- [WHAT TO WORK ON]
Please print the entries below exactly, from the line with "(\<integral>w. sublevel_measure (cdf R)" through the line with "using R.cdf_nonneg R.cdf_bounded_prob", including both of those lines and leaving out all others.

- [SOURCE MATERIAL]
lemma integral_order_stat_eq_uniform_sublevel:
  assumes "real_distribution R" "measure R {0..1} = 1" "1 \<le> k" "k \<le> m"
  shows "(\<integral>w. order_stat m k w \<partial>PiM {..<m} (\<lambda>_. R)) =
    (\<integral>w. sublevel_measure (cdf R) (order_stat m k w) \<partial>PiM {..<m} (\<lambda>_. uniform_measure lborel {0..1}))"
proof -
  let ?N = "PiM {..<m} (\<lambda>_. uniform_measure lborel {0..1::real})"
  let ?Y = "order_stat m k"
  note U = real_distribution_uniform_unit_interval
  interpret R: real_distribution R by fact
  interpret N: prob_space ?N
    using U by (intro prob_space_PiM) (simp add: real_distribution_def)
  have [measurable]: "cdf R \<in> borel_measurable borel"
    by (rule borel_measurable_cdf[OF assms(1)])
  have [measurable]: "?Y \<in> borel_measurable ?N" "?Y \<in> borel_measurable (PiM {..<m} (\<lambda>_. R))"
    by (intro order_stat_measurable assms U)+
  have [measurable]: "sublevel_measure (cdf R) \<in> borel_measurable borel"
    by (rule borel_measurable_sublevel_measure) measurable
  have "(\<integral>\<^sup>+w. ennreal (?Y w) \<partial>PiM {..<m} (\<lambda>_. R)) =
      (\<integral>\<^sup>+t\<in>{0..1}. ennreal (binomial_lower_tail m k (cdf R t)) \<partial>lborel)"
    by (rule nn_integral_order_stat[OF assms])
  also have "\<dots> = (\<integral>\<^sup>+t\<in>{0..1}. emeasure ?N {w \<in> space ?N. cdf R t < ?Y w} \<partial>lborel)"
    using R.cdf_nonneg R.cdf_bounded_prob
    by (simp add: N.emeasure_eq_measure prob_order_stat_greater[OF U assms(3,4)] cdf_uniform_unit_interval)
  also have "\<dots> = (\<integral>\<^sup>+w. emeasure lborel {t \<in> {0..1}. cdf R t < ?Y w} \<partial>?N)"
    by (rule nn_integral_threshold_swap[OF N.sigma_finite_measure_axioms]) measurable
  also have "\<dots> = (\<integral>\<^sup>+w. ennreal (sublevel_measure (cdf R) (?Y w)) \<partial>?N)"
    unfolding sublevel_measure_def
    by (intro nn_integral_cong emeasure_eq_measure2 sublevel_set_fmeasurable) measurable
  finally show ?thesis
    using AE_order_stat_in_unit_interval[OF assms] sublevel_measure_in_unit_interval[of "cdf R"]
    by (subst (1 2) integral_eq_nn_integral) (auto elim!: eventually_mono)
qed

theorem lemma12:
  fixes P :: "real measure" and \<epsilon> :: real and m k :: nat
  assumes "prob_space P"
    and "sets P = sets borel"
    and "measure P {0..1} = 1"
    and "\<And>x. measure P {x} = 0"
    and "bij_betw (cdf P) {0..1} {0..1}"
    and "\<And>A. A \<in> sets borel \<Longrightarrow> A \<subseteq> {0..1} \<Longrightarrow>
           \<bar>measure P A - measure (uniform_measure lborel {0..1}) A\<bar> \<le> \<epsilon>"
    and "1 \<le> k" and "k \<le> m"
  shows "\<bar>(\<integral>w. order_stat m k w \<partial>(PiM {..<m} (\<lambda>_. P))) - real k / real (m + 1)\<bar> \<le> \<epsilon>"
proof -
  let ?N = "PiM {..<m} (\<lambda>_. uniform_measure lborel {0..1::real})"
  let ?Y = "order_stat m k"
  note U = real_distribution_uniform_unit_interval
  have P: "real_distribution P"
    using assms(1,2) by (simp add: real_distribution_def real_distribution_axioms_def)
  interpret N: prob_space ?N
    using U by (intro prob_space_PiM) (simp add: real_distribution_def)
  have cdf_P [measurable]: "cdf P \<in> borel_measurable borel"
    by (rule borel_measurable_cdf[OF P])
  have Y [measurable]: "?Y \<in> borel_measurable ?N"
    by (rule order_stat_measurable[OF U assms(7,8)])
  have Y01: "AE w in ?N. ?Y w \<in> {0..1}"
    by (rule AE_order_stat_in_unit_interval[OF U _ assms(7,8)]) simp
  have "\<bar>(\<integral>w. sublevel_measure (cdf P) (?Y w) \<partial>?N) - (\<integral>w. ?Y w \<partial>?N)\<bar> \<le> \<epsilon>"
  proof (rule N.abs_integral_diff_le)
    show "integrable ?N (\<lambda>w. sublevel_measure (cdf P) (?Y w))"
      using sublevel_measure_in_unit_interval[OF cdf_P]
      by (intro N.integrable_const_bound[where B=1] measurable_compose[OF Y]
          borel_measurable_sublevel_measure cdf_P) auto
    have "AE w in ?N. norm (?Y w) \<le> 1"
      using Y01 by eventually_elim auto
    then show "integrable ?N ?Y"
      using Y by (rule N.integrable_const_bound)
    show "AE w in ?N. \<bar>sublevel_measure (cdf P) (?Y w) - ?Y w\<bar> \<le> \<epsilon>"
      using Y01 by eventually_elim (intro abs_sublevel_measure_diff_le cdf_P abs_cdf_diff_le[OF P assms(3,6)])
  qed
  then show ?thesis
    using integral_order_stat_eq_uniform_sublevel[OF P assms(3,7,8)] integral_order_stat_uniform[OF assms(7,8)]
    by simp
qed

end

- [RESULT OF THIS EXERCISE]
    (\<integral>w. sublevel_measure (cdf R) (order_stat m k w) \<partial>PiM {..<m} (\<lambda>_. uniform_measure lborel {0..1}))"
proof -
  let ?N = "PiM {..<m} (\<lambda>_. uniform_measure lborel {0..1::real})"
  let ?Y = "order_stat m k"
  note U = real_distribution_uniform_unit_interval
  interpret R: real_distribution R by fact
  interpret N: prob_space ?N
    using U by (intro prob_space_PiM) (simp add: real_distribution_def)
  have [measurable]: "cdf R \<in> borel_measurable borel"
    by (rule borel_measurable_cdf[OF assms(1)])
  have [measurable]: "?Y \<in> borel_measurable ?N" "?Y \<in> borel_measurable (PiM {..<m} (\<lambda>_. R))"
    by (intro order_stat_measurable assms U)+
  have [measurable]: "sublevel_measure (cdf R) \<in> borel_measurable borel"
    by (rule borel_measurable_sublevel_measure) measurable
  have "(\<integral>\<^sup>+w. ennreal (?Y w) \<partial>PiM {..<m} (\<lambda>_. R)) =
      (\<integral>\<^sup>+t\<in>{0..1}. ennreal (binomial_lower_tail m k (cdf R t)) \<partial>lborel)"
    by (rule nn_integral_order_stat[OF assms])
  also have "\<dots> = (\<integral>\<^sup>+t\<in>{0..1}. emeasure ?N {w \<in> space ?N. cdf R t < ?Y w} \<partial>lborel)"
    using R.cdf_nonneg R.cdf_bounded_prob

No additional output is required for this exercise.